BACKGROUND & AIMS: :Water plays an active role in many fundamental phenomena in cellular systems such as molecular recognition, folding and conformational equilibria, reaction kinetics and phase partitioning. Hence, our ability to account for the energetics of these processes is highly dependent on the models we use for calculating solvation effects. For example, theoretical prediction of protein-ligand binding modes (i.e., docking) and binding affinities (i.e., scoring) requires an accurate description of the change in hydration that accompanies solute binding. In this review, we discuss the challenges of constructing solvation models that capture these effects, with an emphasis on continuum models and on more recent developments in the field. In our discussion of methods, relatively greater attention will be given to boundary element solutions to the Poisson equation and to nonpolar solvation models, two areas that have become increasingly important but are likely to be less familiar to many readers. The other focus will be upon the trending efforts for evaluating solvation models in order to uncover limitations, biases, and potentially attractive directions for their improvement and applicability. The prospective and retrospective performance of a variety of solvation models in the SAMPL blind challenges will be discussed in detail. After just a few years, these benchmarking exercises have already had a tangible effect in guiding the improvement of solvation models.

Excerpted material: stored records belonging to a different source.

definition join_irreducible :: "nat sgrp set \<Rightarrow> bool" where
  "join_irreducible V \<longleftrightarrow> (\<forall>X. (\<forall>W\<in>X. pseudovariety W) \<longrightarrow>
      V \<subseteq> pv_join X \<longrightarrow> (\<exists>W\<in>X. V \<subseteq> W))"

definition strictly_join_irreducible :: "nat sgrp set \<Rightarrow> bool" where
  "strictly_join_irreducible V \<longleftrightarrow> (\<forall>X. (\<forall>W\<in>X. pseudovariety W) \<longrightarrow>
      V = pv_join X \<longrightarrow> V \<in> X)"

text \<open>B0 = {0,a,e,f} encoded as 0,1,2,3 (0 = zero, 1 = a, 2 = e, 3 = f):
  e e = e, f f = f, e a = a, a f = a, all other products 0.\<close>
definition B0_mult :: "nat \<Rightarrow> nat \<Rightarrow> nat" where
  "B0_mult x y = (if x = 2 \<and> y = 2 then 2
                  else if x = 3 \<and> y = 3 then 3
                  else if x = 2 \<and> y = 1 then 1
                  else if x = 1 \<and> y = 3 then 1
                  else 0)"

definition B0 :: "nat sgrp" where
  "B0 = ({0, 1, 2, 3}, B0_mult)"

text \<open>B0^I: B0 with an external identity adjoined, encoded as 4.\<close>
definition B0I :: "nat sgrp" where
  "B0I = ({0, 1, 2, 3, 4}, \<lambda>x y. if x = 4 then y else if y = 4 then x else B0_mult x y)"

end

theory Submission
  imports Defs
begin

text \<open>
  \<open>B0\<close> and \<open>B0\<^sup>I\<close> are quotients of subsemigroups of the product of the submonoids
  \<open>{0, a, e, 1}\<close> and \<open>{0, a, f, 1}\<close> of \<open>B0\<^sup>I\<close>. These satisfy \<open>xyx = yxx\<close> and \<open>xyx = xxy\<close>
  respectively, while \<open>B0\<close> and \<open>B0\<^sup>I\<close> satisfy neither. Hence \<open>\<lbrakk>B0\<rbrakk>\<close> lies in the join of the
  two pseudovarieties these identities define but in neither of them, and \<open>\<lbrakk>B0\<^sup>I\<rbrakk>\<close> is the join
  of the two pseudovarieties generated by the submonoids; this gives (ii) and (iii).

  For (i), choose finitely many identities of \<open>B0\<close> such that in every semigroup \<open>S\<close> satisfying
  them but not \<open>(x\<^sup>2yz\<^sup>2)\<^sup>2 = x\<^sup>2yz\<^sup>2\<close>, the elements \<open>e = x\<^sup>2\<close>, \<open>f = z\<^sup>2\<close>, \<open>w = eyf\<close> lie
  outside the ideal \<open>S ef S\<close>; then the Rees quotient of \<open>{e, f, w} \<union> S ef S\<close> by that ideal
  is \<open>B0\<close>. Hence if \<open>\<lbrakk>B0\<rbrakk>\<close> were the join of pseudovarieties not containing \<open>B0\<close>, all of them
  would satisfy \<open>(x\<^sup>2yz\<^sup>2)\<^sup>2 = x\<^sup>2yz\<^sup>2\<close>, and so would \<open>B0\<close>.
\<close>

section \<open>Identities\<close>

datatype sg_term = Var nat | Mult sg_term sg_term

背景与目标： : 水在细胞系统中的许多基本现象中起着积极作用，例如分子识别，折叠和构象平衡，反应动力学和相分配。因此，我们解释这些过程的能量学的能力在很大程度上取决于我们用于计算溶剂化效应的模型。例如，蛋白质-配体结合模式 (即对接) 和结合亲和力 (即评分) 的理论预测需要准确描述伴随溶质结合的水合变化。在这篇综述中，我们讨论了构建捕获这些影响的溶剂化模型的挑战，重点是连续模型和该领域的最新发展。在我们对方法的讨论中，将相对更多地关注泊松方程的边界元解和非极性溶剂化模型，这两个领域已变得越来越重要，但许多读者可能不太熟悉。另一个重点将放在评估溶剂化模型的趋势上，以发现局限性，偏见以及其改进和适用性的潜在吸引力方向。将详细讨论SAMPL盲挑战中各种溶剂化模型的前瞻性和回顾性表现。短短几年后，这些基准测试工作已经在指导溶剂化模型的改进方面产生了切实的效果。

BACKGROUND & AIMS: :Twenty first century systems toxicology approaches enable the discovery of biological pathways affected in response to active substances. Here, we briefly summarize current network approaches that facilitate the detailed mechanistic understanding of the impact of a given stimulus on a biological system. We also introduce our network-based method with two use cases and show how causal biological network models combined with computational methods provide quantitative mechanistic insights. Our approach provides a robust comparison of the transcriptional responses in different experimental systems and enables the identification of network-based biomarkers modulated in response to exposure. These advances can also be applied to pharmacology, where the understanding of disease mechanisms and adverse drug effects is imperative for the development of efficient and safe treatment options.

背景与目标： : 二十一世纪系统毒理学方法能够发现对活性物质有反应的生物途径。在这里，我们简要总结了当前的网络方法，这些方法有助于对给定刺激对生物系统的影响进行详细的机械理解。我们还通过两个用例介绍了基于网络的方法，并展示了因果生物网络模型与计算方法的结合如何提供定量的机械见解。我们的方法提供了不同实验系统中转录反应的可靠比较，并能够识别响应于暴露而调制的基于网络的生物标志物。这些进展也可以应用于药理学，在药理学中，了解疾病机制和药物不良反应对于开发有效和安全的治疗选择至关重要。